### [Aim of the task]
This exercise asks for every record to be output again exactly.

### [Material provided]
(* Assume $\lambda_{\max}(L_1)>\lambda_{\max}(L_2)$, that $\lambda_N^1:=\lambda_{\max}(L_1)$ is a simple eigenvalue of $L_1$ with eigenvector $v_N^1$, and that the nodal set $\{x: v_N^1(x)=0\}$ is non-empty. Let $c_1^*>0$ be the largest budget such that for $0\le c<c_1^*$ the optimal largest eigenvalue $\lambda_n^*(c)$ is simple. Then for every budget $c<c_1^*$, the optimal solution of the embedding problem $$\max_{v_i\in\mathbb{R}^n,\ \xi\in\mathbb{R}}\ c\xi+\sum_{\{i,j\}\in E_1\cup E_2}\|v_i-v_j\|^2\quad\text{s.t.}\quad \|v_i-v_j\|^2\ge\xi\ \ \forall\{i,j\}\in E_3,\ \ \sum_{i\in V}\|v_i\|^2=1$$ is one-dimensional and, up to a rotation, is given by $v_i^*=\gamma\, v_N^1(i)\,e_1$ for $i\in V_1$ and $v_i^*=0$ for $i\in V_2$, where $\gamma$ is a constant and $e_1\in\mathbb{R}^n$ is the first standard basis vector.
   Context: A multiplex network consists of two layers $G_1=(V_1,E_1)$ and $G_2=(V_2,E_2)$, simple undirected graphs with $N$ vertices each and Laplacians $L_1,L_2$; vertices of $G_1$ are numbered $1,\dots,N$, those of $G_2$ are numbered $N+1,\dots,2N$, $n=2N$, $V=V_1\cup V_2$. Interlayer edges form the perfect matching $E_3=\{\{i,N+i\}:i=1,\dots,N\}$ with weights $w_i\ge0$; with $W=\operatorname{diag}(w)$ the multiplex Laplacian is $L(w)=\begin{bmatrix}L_1+W&-W\\-W&L_2+W\end{bmatrix}$. For $c\ge0$, $\lambda_n^*(c)=\min\{\lambda_{\max}(L(w)):w\ge0,\ \sum_i w_i=c\}$. The embedding problem above is the (Gram-representation) dual of this minimization. *)

theory Defs
  imports "HOL-Analysis.Analysis"
begin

### [Answer for the task]
(* Assume $\lambda_{\max}(L_1)>\lambda_{\max}(L_2)$, that $\lambda_N^1:=\lambda_{\max}(L_1)$ is a simple eigenvalue of $L_1$ with eigenvector $v_N^1$, and that the nodal set $\{x: v_N^1(x)=0\}$ is non-empty. Let $c_1^*>0$ be the largest budget such that for $0\le c<c_1^*$ the optimal largest eigenvalue $\lambda_n^*(c)$ is simple. Then for every budget $c<c_1^*$, the optimal solution of the embedding problem $$\max_{v_i\in\mathbb{R}^n,\ \xi\in\mathbb{R}}\ c\xi+\sum_{\{i,j\}\in E_1\cup E_2}\|v_i-v_j\|^2\quad\text{s.t.}\quad \|v_i-v_j\|^2\ge\xi\ \ \forall\{i,j\}\in E_3,\ \ \sum_{i\in V}\|v_i\|^2=1$$ is one-dimensional and, up to a rotation, is given by $v_i^*=\gamma\, v_N^1(i)\,e_1$ for $i\in V_1$ and $v_i^*=0$ for $i\in V_2$, where $\gamma$ is a constant and $e_1\in\mathbb{R}^n$ is the first standard basis vector.
   Context: A multiplex network consists of two layers $G_1=(V_1,E_1)$ and $G_2=(V_2,E_2)$, simple undirected graphs with $N$ vertices each and Laplacians $L_1,L_2$; vertices of $G_1$ are numbered $1,\dots,N$, those of $G_2$ are numbered $N+1,\dots,2N$, $n=2N$, $V=V_1\cup V_2$. Interlayer edges form the perfect matching $E_3=\{\{i,N+i\}:i=1,\dots,N\}$ with weights $w_i\ge0$; with $W=\operatorname{diag}(w)$ the multiplex Laplacian is $L(w)=\begin{bmatrix}L_1+W&-W\\-W&L_2+W\end{bmatrix}$. For $c\ge0$, $\lambda_n^*(c)=\min\{\lambda_{\max}(L(w)):w\ge0,\ \sum_i w_i=c\}$. The embedding problem above is the (Gram-representation) dual of this minimization. *)

theory Defs
  imports "HOL-Analysis.Analysis"
begin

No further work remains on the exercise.